Here, we illustrate some common GIS problems and how the functionality of the DataArray/Dataset raster accessor can be used. The data is accessed using the HydroMT DataCatalog. For more information see the Reading raster data example.

Note that this implementation is based on a very earlier version of rioxarray and in fact we are using some of rioxarray functionality and working towards replacing our duplicated functionality with that of rioxarray and will try to contribute new functionality to rioxarray. The original reason for the raster data accessor was that we needed some changes in the internals of the writing methods for PCRaster data which is not fully supported by its GDAL driver.
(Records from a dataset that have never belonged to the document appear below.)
lemma set_integrable_active_multiplier:
  fixes D :: "real \<Rightarrow> 'a::euclidean_space" and a :: "nat set \<Rightarrow> nat \<Rightarrow> 'a"
  assumes D: "D \<in> borel_measurable borel" "\<And>t. norm (D t) \<le> L"
    and J: "finite I" "\<And>t. J t \<subseteq> I" "\<And>S. {t. J t = S} \<in> sets borel"
  shows "set_integrable lebesgue {l..u} (\<lambda>t. if i \<in> J t then max 0 (a (J t) i \<bullet> D t) else 0)"
proof -
  let ?lam = "\<lambda>t. if i \<in> J t then max 0 (a (J t) i \<bullet> D t) else 0"
  have "?lam \<in> borel_measurable borel"
  proof (rule borel_measurable_finite_cases[of "Pow I"])
    show "\<And>S. S \<in> Pow I \<Longrightarrow> (\<lambda>t. if i \<in> S then max 0 (a S i \<bullet> D t) else 0) \<in> borel_measurable borel"
      using D(1) by measurable
  qed (use J in auto)
  then have measurable: "?lam \<in> borel_measurable lebesgue"
    by (intro measurable_completion) simp
  have "norm (?lam t) \<le> L * (\<Sum>S\<in>Pow I. norm (a S i))" for t
  proof -
    have "norm (?lam t) \<le> norm (a (J t) i) * norm (D t)"
      using Cauchy_Schwarz_ineq2[of "a (J t) i" "D t"] by auto
    also have "\<dots> \<le> norm (a (J t) i) * L"
      using D(2) by (simp add: mult_left_mono)
    also have "\<dots> \<le> (\<Sum>S\<in>Pow I. norm (a S i)) * L"
      using J(1,2) order_trans[OF norm_ge_zero D(2)]
      by (intro mult_right_mono member_le_sum[where f="\<lambda>S. norm (a S i)"]) auto
    finally show ?thesis by (simp add: mult.commute)
  qed
  then have bounded: "AE t in lebesgue. t \<in> {l..u} \<longrightarrow> norm (?lam t) \<le> L * (\<Sum>S\<in>Pow I. norm (a S i))"
    by (intro always_eventually allI impI)
  show ?thesis
    unfolding set_integrable_def
    by (rule integrableI_bounded_set_indicator[OF _ measurable _ bounded])
       (simp_all add: emeasure_lborel_Icc_eq)
qed

lemma normal_cone0_polyC_multiplier_sum:
  fixes n :: "nat \<Rightarrow> 'a::euclidean_space"
  assumes y: "y \<in> polyC k n c t" and v: "v \<in> normal_cone0 (polyC k n c t) y"
    and li: "lin_indep_family (active_set k n c t y) n"
    and a: "\<And>J. finite J \<Longrightarrow> lin_indep_family J n \<Longrightarrow> biorthogonal J (a J) n"
  shows "v = (\<Sum>i=1..k. (if i \<in> active_set k n c t y
                         then max 0 (a (active_set k n c t y) i \<bullet> v) else 0) *\<^sub>R n i)"
proof -
  let ?J = "active_set k n c t y"
  have b: "biorthogonal ?J (a ?J) n"
    using li by (intro a) (simp add: active_set_def)
  have "(\<Sum>i=1..k. (if i \<in> ?J then max 0 (a ?J i \<bullet> v) else 0) *\<^sub>R n i) =
        (\<Sum>i=1..k. if i \<in> ?J then (a ?J i \<bullet> v) *\<^sub>R n i else 0)"
    using normal_cone0_polyC_expansion(2)[OF y v b] by (intro sum.cong) auto
  also have "\<dots> = (\<Sum>i\<in>{1..k} \<inter> ?J. (a ?J i \<bullet> v) *\<^sub>R n i)"
    by (simp add: sum.inter_restrict)
  also have "{1..k} \<inter> ?J = ?J"
    by (auto simp: active_set_def)
  also have "(\<Sum>i\<in>?J. (a ?J i \<bullet> v) *\<^sub>R n i) = v"
    using normal_cone0_polyC_expansion(1)[OF y v b] by simp
  finally show ?thesis by simp
qed

theorem lemma6:
  fixes k :: nat and n :: "nat \<Rightarrow> 'a::euclidean_space" and c :: "nat \<Rightarrow> real \<Rightarrow> real"
    and T :: real and x :: "real \<Rightarrow> 'a"
  assumes lip: "\<forall>i\<in>{1..k}. \<exists>L. L-lipschitz_on {0..T} (c i)"
    and nonempty: "\<forall>t\<in>{0..T}. polyC k n c t \<noteq> {}"
    and licq: "\<forall>t\<in>{0..T}. \<forall>y\<in>polyC k n c t. lin_indep_family (active_set k n c t y) n"
    and sol: "sweeping_solution (polyC k n c) T x"
  shows "\<exists>lam :: nat \<Rightarrow> real \<Rightarrow> real.
           (\<forall>i\<in>{1..k}. set_integrable lebesgue {0..T} (lam i) \<and> (\<forall>t\<in>{0..T}. 0 \<le> lam i t)) \<and>
           (AE t in lebesgue. t \<in> {0..T} \<longrightarrow>
              - vector_derivative x (at t) = (\<Sum>i=1..k. lam i t *\<^sub>R n i))"
proof -
  obtain L where L: "L-lipschitz_on {0..T} x" and xC: "\<forall>t\<in>{0..T}. x t \<in> polyC k n c t"
    and ae: "AE t in lebesgue. t \<in> {0..T} \<longrightarrow> x differentiable (at t) \<and>
               - vector_derivative x (at t) \<in> normal_cone0 (polyC k n c t) (x t)"
    using sol unfolding sweeping_solution_def by blast
  obtain D where D: "D \<in> borel_measurable borel" "\<And>t. norm (D t) \<le> L"
    "\<And>t. t \<in> {0<..<T} \<Longrightarrow> x differentiable (at t) \<Longrightarrow> D t = vector_derivative x (at t)"
    using lipschitz_vector_derivative_borel_representative[OF L] by blast
  obtain a where a: "\<And>J. finite J \<Longrightarrow> lin_indep_family J n \<Longrightarrow> biorthogonal J (a J) n"
    using lin_indep_family_biorthogonal_choice by blast
  define J where "J t = active_set k n c (clamp 0 T t) (x (clamp 0 T t))" for t
  define lam where "lam i t = (if i \<in> J t then max 0 (a (J t) i \<bullet> - D t) else 0)" for i t
  have integrable: "set_integrable lebesgue {0..T} (lam i)" for i
    unfolding lam_def J_def using D(1,2) lip lipschitz_on_continuous_on[OF L]
    by (intro set_integrable_active_multiplier[where I="{1..k}"] active_set_clamp_level_set_borel)
       (auto simp: active_set_def intro: lipschitz_on_continuous_on)
  have multipliers: "- vector_derivative x (at t) = (\<Sum>i=1..k. lam i t *\<^sub>R n i)"
    if "t \<in> {0<..<T}" "x differentiable (at t)"
      and "- vector_derivative x (at t) \<in> normal_cone0 (polyC k n c t) (x t)" for t
  proof -
    have J_t: "J t = active_set k n c t (x t)"
      using that(1) by (simp add: J_def cbox_interval)
    show ?thesis
      unfolding lam_def J_t D(3)[OF that(1,2)]
      by (rule normal_cone0_polyC_multiplier_sum[OF _ that(3) _ a]) (use xC licq that(1) in auto)
  qed
  have "AE t in lebesgue. t \<noteq> 0 \<and> t \<noteq> T"
    unfolding eventually_ae_filter_negligible by (rule exI[of _ "{0, T}"]) auto
  with ae have "AE t in lebesgue. t \<in> {0..T} \<longrightarrow>
      - vector_derivative x (at t) = (\<Sum>i=1..k. lam i t *\<^sub>R n i)"
    by eventually_elim (intro impI multipliers; auto)
  with integrable show ?thesis
    by (intro exI[of _ lam]) (auto simp: lam_def)
qed

end
definition tuple_cells ::
  "('c,'v) rule set \<Rightarrow> ('c,'v) tuple set \<Rightarrow> 'c set \<Rightarrow> ('c,'v) tuple \<Rightarrow> (('c,'v) tuple \<times> 'c) set"
  where
  "tuple_cells Rs T Us t = (\<Union>R\<in>{R\<in>Rs. rule_cols R \<subseteq> Us \<and> rule_holds R t}. cells R T)"

lemma cellCov_eq_coverage:
  "cellCov Rs T S Us = real (coverage (tuple_cells Rs T Us) S) / real (upcov Rs T)"
proof -
  have "(\<Union>R\<in>{R\<in>Rs. rule_covered R S Us}. cells R T) = \<Union>(tuple_cells Rs T Us ` S)"
    unfolding tuple_cells_def rule_covered_def by blast
  then show ?thesis unfolding cellCov_def coverage_def by simp
qed

lemma finite_tuple_cells:
  assumes "well_formed_table U D T" and "\<forall>R\<in>Rs. well_formed_rule U D R"
  shows "finite (\<Union>(range (tuple_cells Rs T Us)))"
proof (rule finite_subset)
  show "\<Union>(range (tuple_cells Rs T Us)) \<subseteq> T \<times> U"
    using assms(2)
    unfolding tuple_cells_def cells_def rule_cols_def well_formed_rule_def by fastforce
  show "finite (T \<times> U)" using assms(1) by (simp add: well_formed_table_def)
qed

lemma greedy_result_iff_greedy_chain:
  "greedy_result Rs T Us k S \<longleftrightarrow>
     (\<exists>f. greedy_chain (proj Us ` T) (\<lambda>S. cellCov Rs T S Us) k f \<and> S = f k)"
  unfolding greedy_result_def greedy_chain_def by blast

lemma greedy_result_exists:
  assumes "finite T" and "k \<le> card (proj Us ` T)"
  shows "\<exists>S. greedy_result Rs T Us k S"
  using greedy_chain_exists[OF finite_imageI[OF assms(1)] assms(2)]
  unfolding greedy_result_iff_greedy_chain by blast

lemma greedy_result_is_subtable:
  assumes "greedy_result Rs T Us k S" and "Us \<subseteq> U" and "card Us = l"
  shows "is_subtable_of_size U T k l S Us"
  using assms greedy_chain_subset_card[of _ _ k _ k]
  unfolding greedy_result_iff_greedy_chain is_subtable_of_size_def is_subtable_def by blast

lemma greedy_result_approximation:
  assumes wfT: "well_formed_table U D T" and wfR: "\<forall>R\<in>Rs. well_formed_rule U D R"
    and greedy: "greedy_result Rs T Us k S"
    and S': "S' \<subseteq> proj Us ` T" "card S' = k"
  shows "(1 - 1 / exp 1) * cellCov Rs T S' Us \<le> cellCov Rs T S Us"
proof -
  obtain f where chain: "greedy_chain (proj Us ` T) (\<lambda>S. cellCov Rs T S Us) k f" and "S = f k"
    using greedy unfolding greedy_result_iff_greedy_chain by blast
  have fin_cells: "finite (\<Union>(range (tuple_cells Rs T Us)))"
    by (rule finite_tuple_cells[OF wfT wfR])
  have "finite S'"
    using S'(1) wfT by (auto intro: finite_subset simp: well_formed_table_def)
  show ?thesis
    unfolding \<open>S = f k\<close>
  proof (rule greedy_chain_approximation[OF chain _ _ _ S'(1) \<open>finite S'\<close> S'(2)])
    show "mono (\<lambda>S. cellCov Rs T S Us)"
      unfolding cellCov_eq_coverage by (rule mono_scaled_coverage[OF fin_cells]) simp
    show "0 \<le> cellCov Rs T {} Us"
      by (simp add: cellCov_def)
    show "cellCov Rs T S' Us \<le> cellCov Rs T X Us +
            (\<Sum>s\<in>S' - X. cellCov Rs T (insert s X) Us - cellCov Rs T X Us)" for X
      unfolding cellCov_eq_coverage
      by (rule scaled_coverage_le_sum_gains[OF fin_cells \<open>finite S'\<close>]) simp
  qed
qed

lemma opt_cell_cover_attained:
  assumes "well_formed_table U D T" and "is_subtable_of_size U T k l S Us"
  obtains Sopt Uopt where "is_subtable_of_size U T k l Sopt Uopt"
    and "opt_cell_cover U Rs T k l = cellCov Rs T Sopt Uopt"
proof -
  define P where "P = {cellCov Rs T S Us | S Us. is_subtable_of_size U T k l S Us}"
  define Y where "Y = (\<Union>Us\<in>Pow U. proj Us ` T)"
  have "finite U" "finite T" using assms(1) by (auto simp: well_formed_table_def)
  then have "finite (Pow Y \<times> Pow U)" by (simp add: Y_def)
  moreover have "P \<subseteq> (\<lambda>(S, Us). cellCov Rs T S Us) ` (Pow Y \<times> Pow U)"
    unfolding P_def Y_def is_subtable_of_size_def is_subtable_def by force
  ultimately have "finite P" by (meson finite_imageI finite_subset)
  moreover have "P \<noteq> {}" using assms(2) by (auto simp: P_def)
  ultimately have "Max P \<in> P" by (rule Max_in)
  then show ?thesis using that unfolding P_def opt_cell_cover_def by blast
qed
Currently the key difference between both packages, besides the naming of the accessor and some methods, are in new methods that have been added over time by both packages and the way that the raster attribute data is stored. In HydroMT this attribute data is always stored in the spatial_ref coordinate of the DataArray/Dataset whereas rioxarray uses additional attributes of the RasterDataset class.

Geospatial attributes#

Using the raster accessor we can get (and set) many geospatial properties of regular raster datasets.

[2]:
# get the GHS population raster dataset from the catalog
da = data_catalog.get_rasterdataset("ghs_pop_2015").rename("population")
da.raster.mask_nodata().reset_coords(drop=True).plot(vmax=200)
2024-02-26 15:14:02,069 - raster data - rasterdataset - INFO - Reading ghs_pop_2015 raster data from /home/runner/.hydromt_data/artifact_data/v0.0.8/ghs_pop_2015.tif
[2]:
<matplotlib.collections.QuadMesh at 0x7fe3fcada290>
../_images/_examples_working_with_raster_6_2.png
[3]:
# coordinate reference system
da.raster.crs
[3]:
<Geographic 2D CRS: EPSG:4326>
Name: WGS 84
Axis Info [ellipsoidal]:
- Lat[north]: Geodetic latitude (degree)
- Lon[east]: Geodetic longitude (degree)
Area of Use:
- undefined
Datum: World Geodetic System 1984
- Ellipsoid: WGS 84
- Prime Meridian: Greenwich
[4]:
# geospatial transform, see https://www.perrygeo.com/python-affine-transforms.html
da.raster.transform
[4]:
Affine(0.0024999999900981278, 0.0, 11.600416643117885,
       0.0, -0.0024999999899385983, 46.80041668121458)
[5]:
# names of x- and y dimensions
(da.raster.x_dim, da.raster.y_dim)
[5]:
('x', 'y')
[6]:
# nodata value (or fillvalue) of a specific variable
da.raster.nodata
[6]:
-200.0

Reproject (warp) raster data#

A common preprocessing step to generate model data is to make sure all data is in the same CRS. The .raster.reproject() are build on rasterio and GDAL and make this really easy for you.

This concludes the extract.